+++ Recorded information +++

lemma (in prob_space) AE_less_top_of_distr_eq_density:
  assumes [measurable]: "F \<in> measurable M N" and sets_R: "sets R = sets N"
    and f [measurable]: "f \<in> borel_measurable R" and distr_F: "distr M N F = density R f"
  shows "AE \<omega> in M. f (F \<omega>) < \<top>"
proof -
  have [measurable]: "f \<in> borel_measurable N"
    using f by (simp add: measurable_cong_sets[OF sets_R refl])
  have "prob_space (density R f)"
    unfolding distr_F[symmetric] by (rule prob_space_distr) simp
  from AE_finite_of_prob_space_density[OF this f] have "AE z in density R f. f z \<noteq> \<infinity>"
    by (subst AE_density) (auto elim: eventually_mono)
  then show ?thesis
    unfolding distr_F[symmetric] by (subst (asm) AE_distr_iff) (simp_all add: top.not_eq_extremum)
qed

lemma nn_integral_density_ratio_le_1:
  assumes [measurable]: "F \<in> measurable M N" and sets_R: "sets R = sets N"
    and f [measurable]: "f \<in> borel_measurable R" and g [measurable]: "g \<in> borel_measurable R"
    and distr_F: "distr M N F = density R f" and prob_g: "prob_space (density R g)"
  shows "(\<integral>\<^sup>+\<omega>. g (F \<omega>) / f (F \<omega>) \<partial>M) \<le> 1"
proof -
  have [measurable]: "f \<in> borel_measurable N" "g \<in> borel_measurable N"
    using f g by (simp_all add: measurable_cong_sets[OF sets_R refl])
  have "(\<integral>\<^sup>+\<omega>. g (F \<omega>) / f (F \<omega>) \<partial>M) = (\<integral>\<^sup>+z. g z / f z \<partial>distr M N F)"
    by (simp add: nn_integral_distr)
  also have "\<dots> = (\<integral>\<^sup>+z. f z * (g z / f z) \<partial>R)"
    unfolding distr_F by (intro nn_integral_density) measurable
  also have "\<dots> \<le> (\<integral>\<^sup>+z. g z \<partial>R)"
    by (intro nn_integral_mono ennreal_mult_divide_le)
  also have "\<dots> = emeasure (density R g) (space R)"
    using g by (simp add: emeasure_density)
  also have "\<dots> = 1"
    using prob_space.emeasure_space_1[OF prob_g] by simp
  finally show ?thesis .
qed

lemma pair_measure_density_right:
  assumes "sigma_finite_measure B" "sigma_finite_measure (density B g)" "g \<in> borel_measurable B"
  shows "A \<Otimes>\<^sub>M density B g = density (A \<Otimes>\<^sub>M B) (\<lambda>(a, b). g b)"
  using pair_measure_density[of "\<lambda>_. 1" A g B] assms by (simp add: density_1)

lemma pair_measure_density_left:
  assumes "sigma_finite_measure B" "f \<in> borel_measurable A"
  shows "density A f \<Otimes>\<^sub>M B = density (A \<Otimes>\<^sub>M B) (\<lambda>(a, b). f a)"
  using pair_measure_density[of f A "\<lambda>_. 1" B] assms by (simp add: density_1)

lemma distr_density_pair_snd:
  assumes "sigma_finite_measure A" "sigma_finite_measure B"
    and [measurable]: "f \<in> borel_measurable (A \<Otimes>\<^sub>M B)"
  shows "distr (density (A \<Otimes>\<^sub>M B) f) B snd = density B (\<lambda>b. \<integral>\<^sup>+a. f (a, b) \<partial>A)"
proof (rule measure_eqI)
  interpret A: sigma_finite_measure A by fact
  interpret B: sigma_finite_measure B by fact
  interpret pair_sigma_finite A B ..
  have [measurable]: "(\<lambda>b. \<integral>\<^sup>+a. f (a, b) \<partial>A) \<in> borel_measurable B"
    by measurable
  fix S assume "S \<in> sets (distr (density (A \<Otimes>\<^sub>M B) f) B snd)"
  then have [measurable]: "S \<in> sets B" by simp
  have "emeasure (distr (density (A \<Otimes>\<^sub>M B) f) B snd) S = (\<integral>\<^sup>+z. f z * indicator S (snd z) \<partial>(A \<Otimes>\<^sub>M B))"
    by (auto simp: emeasure_distr emeasure_density intro!: nn_integral_cong split: split_indicator)
  also have "\<dots> = (\<integral>\<^sup>+b. \<integral>\<^sup>+a. f (a, b) * indicator S b \<partial>A \<partial>B)"
    using nn_integral_snd[of "\<lambda>z. f z * indicator S (snd z)"] by simp
  also have "\<dots> = (\<integral>\<^sup>+b. (\<integral>\<^sup>+a. f (a, b) \<partial>A) * indicator S b \<partial>B)"
    by (intro nn_integral_cong nn_integral_multc) measurable
  also have "\<dots> = emeasure (density B (\<lambda>b. \<integral>\<^sup>+a. f (a, b) \<partial>A)) S"
    by (simp add: emeasure_density)
  finally show "emeasure (distr (density (A \<Otimes>\<^sub>M B) f) B snd) S
      = emeasure (density B (\<lambda>b. \<integral>\<^sup>+a. f (a, b) \<partial>A)) S" .
qed simp

lemma distr_eq_density_pair_measureI:
  assumes [measurable]: "F \<in> measurable M (S \<Otimes>\<^sub>M T)"
    and sets_A: "sets A = sets S" and sets_B: "sets B = sets T" and "sigma_finite_measure B"
    and [measurable]: "f \<in> borel_measurable (S \<Otimes>\<^sub>M T)"
    and law: "\<And>D. D \<in> sets (S \<Otimes>\<^sub>M T) \<Longrightarrow>
      (\<integral>\<^sup>+\<omega>. indicator D (F \<omega>) \<partial>M) = (\<integral>\<^sup>+a. \<integral>\<^sup>+b. f (a, b) * indicator D (a, b) \<partial>B \<partial>A)"
  shows "distr M (S \<Otimes>\<^sub>M T) F = density (A \<Otimes>\<^sub>M B) f"
proof (rule measure_eqI)
  interpret B: sigma_finite_measure B by fact
  have sets_AB: "sets (A \<Otimes>\<^sub>M B) = sets (S \<Otimes>\<^sub>M T)"
    using sets_A sets_B by (rule sets_pair_measure_cong)
  then show "sets (distr M (S \<Otimes>\<^sub>M T) F) = sets (density (A \<Otimes>\<^sub>M B) f)"
    by simp
  fix D assume "D \<in> sets (distr M (S \<Otimes>\<^sub>M T) F)"
  then have D [measurable]: "D \<in> sets (S \<Otimes>\<^sub>M T)" by simp
  have [measurable]: "f \<in> borel_measurable (A \<Otimes>\<^sub>M B)" "D \<in> sets (A \<Otimes>\<^sub>M B)"
    using sets_AB by (simp_all add: measurable_cong_sets[OF sets_AB refl])
  have "emeasure (distr M (S \<Otimes>\<^sub>M T) F) D = (\<integral>\<^sup>+z. indicator D z \<partial>distr M (S \<Otimes>\<^sub>M T) F)"
    by simp
  also have "\<dots> = (\<integral>\<^sup>+\<omega>. indicator D (F \<omega>) \<partial>M)"
    by (rule nn_integral_distr) measurable
  also have "\<dots> = (\<integral>\<^sup>+z. f z * indicator D z \<partial>(A \<Otimes>\<^sub>M B))"
    unfolding law[OF D] by (rule B.nn_integral_fst) measurable
  also have "\<dots> = emeasure (density (A \<Otimes>\<^sub>M B) f) D"
    by (simp add: emeasure_density)
  finally show "emeasure (distr M (S \<Otimes>\<^sub>M T) F) D = emeasure (density (A \<Otimes>\<^sub>M B) f) D" .
qed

+++

Task
In the listing above, find each line where "assms" occurs and copy it.

Your response
  using pair_measure_density[of "\<lambda>_. 1" A g B] assms by (simp add: density_1)
  using pair_measure_density[of f A "\<lambda>_. 1" B] assms by (simp add: density_1)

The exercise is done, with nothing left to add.